Technology Policy and Sustainability*
Public policy is a multidisciplinary field aimed at understanding how policy and regulation can be used to achieve certain social goals. These goals may include the notion of sustainability, whereby society’s present needs are met without compromising the ability to meet society’s future needs. This course introduces students to public policy and its role in building a sustainable society. The course places particular emphasis on the policy process; the relationship among technology, policy, and the environment; and policy mechanisms for addressing market and government failures that threaten sustainability.
Choose one of the following:
An independent project in sustainability serving as a capstone experience for students completing the non-thesis option. This course requires a formal proposal and a faculty sponsor.
Independent research in sustainability leading to the completion of the MS thesis. This course requires a formal proposal and a faculty sponsor.
Hold a baccalaureate degree (or equivalent) from an accredited university or college from an accredited institution.
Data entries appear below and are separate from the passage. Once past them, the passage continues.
(* Consider a sequence of probability distributions $\{Q^k(x,E,\theta):E\in\mathcal{E},x\in\mathcal{X}_E,\theta\in\{\theta_0,\theta_1\}\}_{k\ge1}$ satisfying the low-informativeness condition; in particular $Q^k(x,E,\theta)\to\mathcal{Q}(x,E)$ for $\theta=\theta_0,\theta_1$. For each $k$, let $\mathcal{Q}^k(\cdot,E)$ be the corresponding solution of $$\min_{\mathcal{Q}'\ge0}\ \max_{\theta\in\{\theta_0,\theta_1\}}\ \max_{x\in\mathcal{X}_E}\Big|\frac{Q^k(x,E,\theta)}{\mathcal{Q}'(x,E)}-1\Big|\quad\text{subject to}\quad\sum_{x\in\mathcal{X}_E}\mathcal{Q}'(x,E)=1$$ for every $E\in\mathcal{E}$. Then $\mathcal{Q}^k(x,E)\to\mathcal{Q}(x,E)$ as $k\to\infty$ for all $E\in\mathcal{E}$ and $x\in\mathcal{X}_E$.
   Context: $\mathcal{E}$ is a finite set of experiments, each $E$ with a finite outcome set $\mathcal{X}_E$. For each $k$, $Q^k(\cdot,E,\theta)$ is a probability distribution on $\mathcal{X}_E$ (outcome probabilities under $\Theta=\theta$). Low-informativeness condition: for each $E\in\mathcal{E}$ there is a probability distribution $\mathcal{Q}(\cdot,E)$ on $\mathcal{X}_E$ such that, for $\theta\in\{\theta_0,\theta_1\}$, $\sqrt{k}\big(Q^k(x,E,\theta)/\mathcal{Q}(x,E)-1\big)\to\alpha(x,E,\theta)$ with $\sum_x\alpha(x,E,\theta)\mathcal{Q}(x,E)=0$. *)

theory Defs
  imports "HOL-Analysis.Analysis"
begin

text \<open>Deviation |q/q' - 1| of a ratio, valued in the extended reals:
  it is +infinity when q' = 0 and q is nonzero; for q = q' = 0 the convention 0/0 = 0 gives 1.\<close>
definition ratio_dev :: "real \<Rightarrow> real \<Rightarrow> ereal" where
  "ratio_dev q q' = (if q' = 0 \<and> q \<noteq> 0 then \<infinity> else ereal \<bar>q / q' - 1\<bar>)"

definition minmax_obj ::
  "('x \<Rightarrow> 'e \<Rightarrow> 'th \<Rightarrow> real) \<Rightarrow> 'th \<Rightarrow> 'th \<Rightarrow> 'x set \<Rightarrow> 'e \<Rightarrow> ('x \<Rightarrow> real) \<Rightarrow> ereal" where
  "minmax_obj Q th0 th1 XE E q' =
     (SUP th\<in>{th0, th1}. SUP x\<in>XE. ratio_dev (Q x E th) (q' x))"

definition is_prob_on :: "'x set \<Rightarrow> ('x \<Rightarrow> real) \<Rightarrow> bool" where
  "is_prob_on A p \<longleftrightarrow> (\<forall>x\<in>A. p x \<ge> 0) \<and> sum p A = 1"

definition is_minmax_solution ::
  "('x \<Rightarrow> 'e \<Rightarrow> 'th \<Rightarrow> real) \<Rightarrow> 'th \<Rightarrow> 'th \<Rightarrow> 'x set \<Rightarrow> 'e \<Rightarrow> ('x \<Rightarrow> real) \<Rightarrow> bool" where
  "is_minmax_solution Q th0 th1 XE E q' \<longleftrightarrow>
     is_prob_on XE q' \<and>
     (\<forall>q''. is_prob_on XE q'' \<longrightarrow> minmax_obj Q th0 th1 XE E q' \<le> minmax_obj Q th0 th1 XE E q'')"

end

theory Submission
  imports Defs "HOL-Real_Asymp.Real_Asymp"
begin

text \<open>Low informativeness forces every ratio \<open>Q\<^sup>k(x,E,\<theta>) / \<Q>(x,E)\<close> to tend to 1, so in
  particular \<open>\<Q>(\<cdot>,E)\<close> has full support. Being feasible, \<open>\<Q>(\<cdot>,E)\<close> bounds the optimal value,
  hence the optimal value tends to 0. The optimal value in turn bounds
  \<open>|Q\<^sup>k(x,E,\<theta>\<^sub>0) / \<Q>\<^sup>k(x,E) - 1|\<close>, so \<open>\<Q>\<^sup>k(x,E)\<close> is asymptotically equal to
  \<open>Q\<^sup>k(x,E,\<theta>\<^sub>0)\<close>, which tends to \<open>\<Q>(x,E)\<close>.
  The argument works experiment by experiment and uses only the consequence
  \<open>Q\<^sup>k / \<Q> \<longrightarrow> 1\<close> of low informativeness.\<close>

lemma tendsto_zero_if_sqrt_mult_tendsto:
  fixes a :: "nat \<Rightarrow> real"
  assumes "(\<lambda>k. sqrt (real k) * a k) \<longlonglongrightarrow> c"
  shows "a \<longlonglongrightarrow> 0"
proof -
  have "(\<lambda>k. inverse (sqrt (real k))) \<longlonglongrightarrow> 0"
    by real_asymp
  then have "(\<lambda>k. inverse (sqrt (real k)) * (sqrt (real k) * a k)) \<longlonglongrightarrow> 0 * c"
    using assms by (rule tendsto_mult)
  moreover have "\<forall>\<^sub>F k in sequentially. inverse (sqrt (real k)) * (sqrt (real k) * a k) = a k"
    using eventually_gt_at_top[of 0] by eventually_elim simp
  ultimately show ?thesis
    by (simp add: tendsto_cong)
qed

text \<open>Since \<open>q / 0 = 0\<close>, a zero denominator would make the ratio constantly 0.\<close>

lemma nonzero_if_ratio_tendsto_one:
  fixes q :: "nat \<Rightarrow> 'a::real_normed_field"
  assumes "(\<lambda>k. q k / r) \<longlonglongrightarrow> 1"
  shows "r \<noteq> 0"
  using assms LIMSEQ_const_iff[of "0::'a" 1] by auto

lemma tendsto_if_ratio_tendsto_one:
  fixes q :: "nat \<Rightarrow> 'a::real_normed_field"
  assumes "(\<lambda>k. q k / r) \<longlonglongrightarrow> 1"
  shows "q \<longlonglongrightarrow> r"
proof -
  have "(\<lambda>k. r * (q k / r)) \<longlonglongrightarrow> r * 1"
    using assms by (intro tendsto_intros)
  then show ?thesis
    using nonzero_if_ratio_tendsto_one[OF assms] by simp
qed

lemma tendsto_denominator_if_ratio_tendsto_one:
  fixes a b :: "nat \<Rightarrow> 'a::real_normed_field"
  assumes "a \<longlonglongrightarrow> L" and "(\<lambda>k. a k / b k) \<longlonglongrightarrow> 1"
  shows "b \<longlonglongrightarrow> L"
proof -
  have "(\<lambda>k. a k / (a k / b k)) \<longlonglongrightarrow> L / 1"
    using assms by (intro tendsto_divide) auto
  moreover have "\<forall>\<^sub>F k in sequentially. a k / b k \<noteq> 0"
    using assms(2) by (rule tendsto_imp_eventually_ne) simp
  then have "\<forall>\<^sub>F k in sequentially. a k / (a k / b k) = b k"
    by eventually_elim auto
  ultimately show ?thesis
    by (simp add: tendsto_cong)
qed

lemma ratio_deviation_le_minmax_obj:
  assumes "th \<in> {th0, th1}" and "x \<in> XE"
  shows "ereal \<bar>Q x E th / q' x - 1\<bar> \<le> minmax_obj Q th0 th1 XE E q'"
proof -
  have "ereal \<bar>Q x E th / q' x - 1\<bar> \<le> ratio_dev (Q x E th) (q' x)"
    by (simp add: ratio_dev_def)
  also have "\<dots> \<le> minmax_obj Q th0 th1 XE E q'"
    unfolding minmax_obj_def using assms by (intro SUP_upper2[of th] SUP_upper)
  finally show ?thesis .
qed

lemma minmax_obj_le_sum_ratio_deviations:
  assumes "finite XE" and "\<And>y. y \<in> XE \<Longrightarrow> q' y \<noteq> 0"
  shows "minmax_obj Q th0 th1 XE E q'
           \<le> ereal (\<Sum>th\<in>{th0, th1}. \<Sum>y\<in>XE. \<bar>Q y E th / q' y - 1\<bar>)"
  unfolding minmax_obj_def
proof (intro SUP_least)
  fix th y assume th: "th \<in> {th0, th1}" and y: "y \<in> XE"
  have "\<bar>Q y E th / q' y - 1\<bar> \<le> (\<Sum>z\<in>XE. \<bar>Q z E th / q' z - 1\<bar>)"
    using assms(1) y by (intro member_le_sum) auto
  also have "\<dots> \<le> (\<Sum>th'\<in>{th0, th1}. \<Sum>z\<in>XE. \<bar>Q z E th' / q' z - 1\<bar>)"
    using th by (intro member_le_sum[where f = "\<lambda>th'. \<Sum>z\<in>XE. \<bar>Q z E th' / q' z - 1\<bar>"])
      (auto intro: sum_nonneg)
  finally show "ratio_dev (Q y E th) (q' y) \<le> ereal (\<Sum>th\<in>{th0, th1}. \<Sum>y\<in>XE. \<bar>Q y E th / q' y - 1\<bar>)"
    using assms(2)[OF y] by (simp add: ratio_dev_def)
qed

lemma minmax_solution_tendsto:
  assumes fin: "finite XE" and prob: "is_prob_on XE p"
    and ratio: "\<And>th y. th \<in> {th0, th1} \<Longrightarrow> y \<in> XE \<Longrightarrow> (\<lambda>k. Q k y E th / p y) \<longlonglongrightarrow> 1"
    and sol: "\<And>k. is_minmax_solution (Q k) th0 th1 XE E (q k)"
    and x: "x \<in> XE"
  shows "(\<lambda>k. q k x) \<longlonglongrightarrow> p x"
proof -
  have p_nonzero: "p y \<noteq> 0" if "y \<in> XE" for y
  proof -
    have "(\<lambda>k. Q k y E th0 / p y) \<longlonglongrightarrow> 1"
      using ratio that by simp
    then show ?thesis
      by (rule nonzero_if_ratio_tendsto_one)
  qed
  define \<delta> where "\<delta> k = (\<Sum>th\<in>{th0, th1}. \<Sum>y\<in>XE. \<bar>Q k y E th / p y - 1\<bar>)" for k
  have "\<delta> \<longlonglongrightarrow> (\<Sum>th\<in>{th0, th1}. \<Sum>y\<in>XE. \<bar>1 - 1\<bar>)"
    unfolding \<delta>_def by (intro tendsto_intros ratio) auto
  then have \<delta>_tendsto: "\<delta> \<longlonglongrightarrow> 0"
    by simp
  have deviation_le_\<delta>: "\<bar>Q k x E th0 / q k x - 1\<bar> \<le> \<delta> k" for k
  proof -
    have "ereal \<bar>Q k x E th0 / q k x - 1\<bar> \<le> minmax_obj (Q k) th0 th1 XE E (q k)"
      using x by (intro ratio_deviation_le_minmax_obj) auto
    also have "\<dots> \<le> minmax_obj (Q k) th0 th1 XE E p"
      using sol prob unfolding is_minmax_solution_def by blast
    also have "\<dots> \<le> ereal (\<delta> k)"
      unfolding \<delta>_def using fin p_nonzero by (rule minmax_obj_le_sum_ratio_deviations)
    finally show ?thesis by simp
  qed
  have "(\<lambda>k. Q k x E th0) \<longlonglongrightarrow> p x"
    by (rule tendsto_if_ratio_tendsto_one) (use ratio x in simp)
  moreover have "(\<lambda>k. Q k x E th0 / q k x - 1) \<longlonglongrightarrow> 0"
    by (rule Lim_null_comparison[of _ \<delta>]) (use deviation_le_\<delta> \<delta>_tendsto in simp_all)
  then have "(\<lambda>k. Q k x E th0 / q k x) \<longlonglongrightarrow> 1"
    by (simp add: LIM_zero_iff)
  ultimately show ?thesis
    by (rule tendsto_denominator_if_ratio_tendsto_one)
qed

theorem proposition8:
  fixes Exps :: "'e set" and X :: "'e \<Rightarrow> 'x set"
    and Q :: "nat \<Rightarrow> 'x \<Rightarrow> 'e \<Rightarrow> 'th \<Rightarrow> real"
    and Qlim :: "'x \<Rightarrow> 'e \<Rightarrow> real"
    and Qsol :: "nat \<Rightarrow> 'x \<Rightarrow> 'e \<Rightarrow> real"
    and th0 th1 :: 'th
  assumes finE: "finite Exps"
    and finX: "\<And>E. E \<in> Exps \<Longrightarrow> finite (X E)"
    and probQ: "\<And>k E th. E \<in> Exps \<Longrightarrow> th \<in> {th0, th1} \<Longrightarrow> is_prob_on (X E) (\<lambda>x. Q k x E th)"
    and probQlim: "\<And>E. E \<in> Exps \<Longrightarrow> is_prob_on (X E) (\<lambda>x. Qlim x E)"
    and lowinf: "\<exists>\<alpha> :: 'x \<Rightarrow> 'e \<Rightarrow> 'th \<Rightarrow> real.
       (\<forall>E\<in>Exps. \<forall>th\<in>{th0, th1}. \<forall>x\<in>X E.
          (\<lambda>k. sqrt (real k) * (Q k x E th / Qlim x E - 1)) \<longlonglongrightarrow> \<alpha> x E th) \<and>
       (\<forall>E\<in>Exps. \<forall>th\<in>{th0, th1}. (\<Sum>x\<in>X E. \<alpha> x E th * Qlim x E) = 0)"
    and sol: "\<And>k E. E \<in> Exps \<Longrightarrow> is_minmax_solution (Q k) th0 th1 (X E) E (\<lambda>x. Qsol k x E)"
  shows "\<forall>E\<in>Exps. \<forall>x\<in>X E. (\<lambda>k. Qsol k x E) \<longlonglongrightarrow> Qlim x E"
proof (intro ballI)
  fix E x assume E: "E \<in> Exps" and x: "x \<in> X E"
  obtain \<alpha> where \<alpha>: "\<And>th y. th \<in> {th0, th1} \<Longrightarrow> y \<in> X E \<Longrightarrow>
      (\<lambda>k. sqrt (real k) * (Q k y E th / Qlim y E - 1)) \<longlonglongrightarrow> \<alpha> y E th"
    using lowinf E by blast
  have ratio: "(\<lambda>k. Q k y E th / Qlim y E) \<longlonglongrightarrow> 1" if "th \<in> {th0, th1}" "y \<in> X E" for th y
    using tendsto_zero_if_sqrt_mult_tendsto[OF \<alpha>[OF that]] by (simp add: LIM_zero_iff)
  show "(\<lambda>k. Qsol k x E) \<longlonglongrightarrow> Qlim x E"
    by (rule minmax_solution_tendsto[OF finX[OF E] probQlim[OF E] ratio sol[OF E] x])
qed

end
Submit official transcripts (in English) of all previously completed undergraduate and graduate course work.
Have a minimum cumulative GPA of 3.0 (or equivalent).
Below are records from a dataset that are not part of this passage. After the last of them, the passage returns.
lemma bij_betw_map_permutes:
  assumes "distinct xs"
  shows "bij_betw (\<lambda>\<sigma>. map \<sigma> xs) {\<sigma>. \<sigma> permutes set xs} (permutations_of_set (set xs))"
proof (rule bij_betw_imageI)
  show "inj_on (\<lambda>\<sigma>. map \<sigma> xs) {\<sigma>. \<sigma> permutes set xs}"
  proof (rule inj_onI, rule ext)
    fix \<sigma> \<tau> x
    assume "\<sigma> \<in> {\<sigma>. \<sigma> permutes set xs}" "\<tau> \<in> {\<sigma>. \<sigma> permutes set xs}" "map \<sigma> xs = map \<tau> xs"
    then show "\<sigma> x = \<tau> x"
      by (cases "x \<in> set xs") (auto simp: permutes_not_in)
  qed
  show "(\<lambda>\<sigma>. map \<sigma> xs) ` {\<sigma>. \<sigma> permutes set xs} = permutations_of_set (set xs)"
  proof (intro equalityI subsetI)
    fix ys
    assume "ys \<in> (\<lambda>\<sigma>. map \<sigma> xs) ` {\<sigma>. \<sigma> permutes set xs}"
    then obtain \<sigma> where "\<sigma> permutes set xs" "ys = map \<sigma> xs"
      by blast
    moreover have "xs \<in> permutations_of_set (set xs)"
      using assms by (rule permutations_of_setI[OF refl])
    ultimately show "ys \<in> permutations_of_set (set xs)"
      using permutations_of_set_image_permutes by blast
  next
    fix ys
    assume ys: "ys \<in> permutations_of_set (set xs)"
    then have "length ys = length xs"
      using assms by (metis distinct_card permutations_of_setD)
    define \<sigma> where "\<sigma> = permutation_of_list (zip xs ys)"
    have "list_permutes (zip xs ys) (set xs)"
      using ys assms \<open>length ys = length xs\<close> by (auto dest: permutations_of_setD)
    then have "\<sigma> permutes set xs"
      by (simp add: \<sigma>_def)
    moreover have "map \<sigma> xs = ys"
    proof (rule nth_equalityI)
      fix i
      assume "i < length (map \<sigma> xs)"
      then have "(xs ! i, ys ! i) \<in> set (zip xs ys)"
        using \<open>length ys = length xs\<close> by (auto simp: in_set_zip)
      then show "map \<sigma> xs ! i = ys ! i"
        using assms \<open>length ys = length xs\<close> \<open>i < length (map \<sigma> xs)\<close>
        by (simp add: \<sigma>_def permutation_of_list_unique')
    qed (simp add: \<open>length ys = length xs\<close>)
    ultimately show "ys \<in> (\<lambda>\<sigma>. map \<sigma> xs) ` {\<sigma>. \<sigma> permutes set xs}"
      by blast
  qed
qed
Have fulfilled the following curriculum requirements: one year of college science and one year of college mathematics (inclduing calculus and statistics).
Submit scores from the GRE.
Submit a personal statement of educational objectives.
Submit a current resume or curriculum vitae.
Participate in an interview with the academic department.
Submit two letters of recommendation from academic or professional sources.
International applicants whose native language is not English must submit scores from the TOEFL, IELTS, or PTE. A minimum TOEFL score of 100 (internet-based) is required. A minimum IELTS score of 7.0 is required. The English language test score requirement is waived for native speakers of English or for those submitting transcripts from degrees earned at American institutions.
An applicant with a bachelor’s degree from an approved undergraduate institution and the appropriate background is permitted to take graduate courses as a non-matriculated student. If the student is subsequently admitted to the graduate program, a limited number of credit hours from courses taken at RIT as a non-matriculated student can be transferred to the degree program. Any applicant who wishes to register for a graduate course as a non-matriculated student must obtain permission from the chair of the graduate program and the course instructor.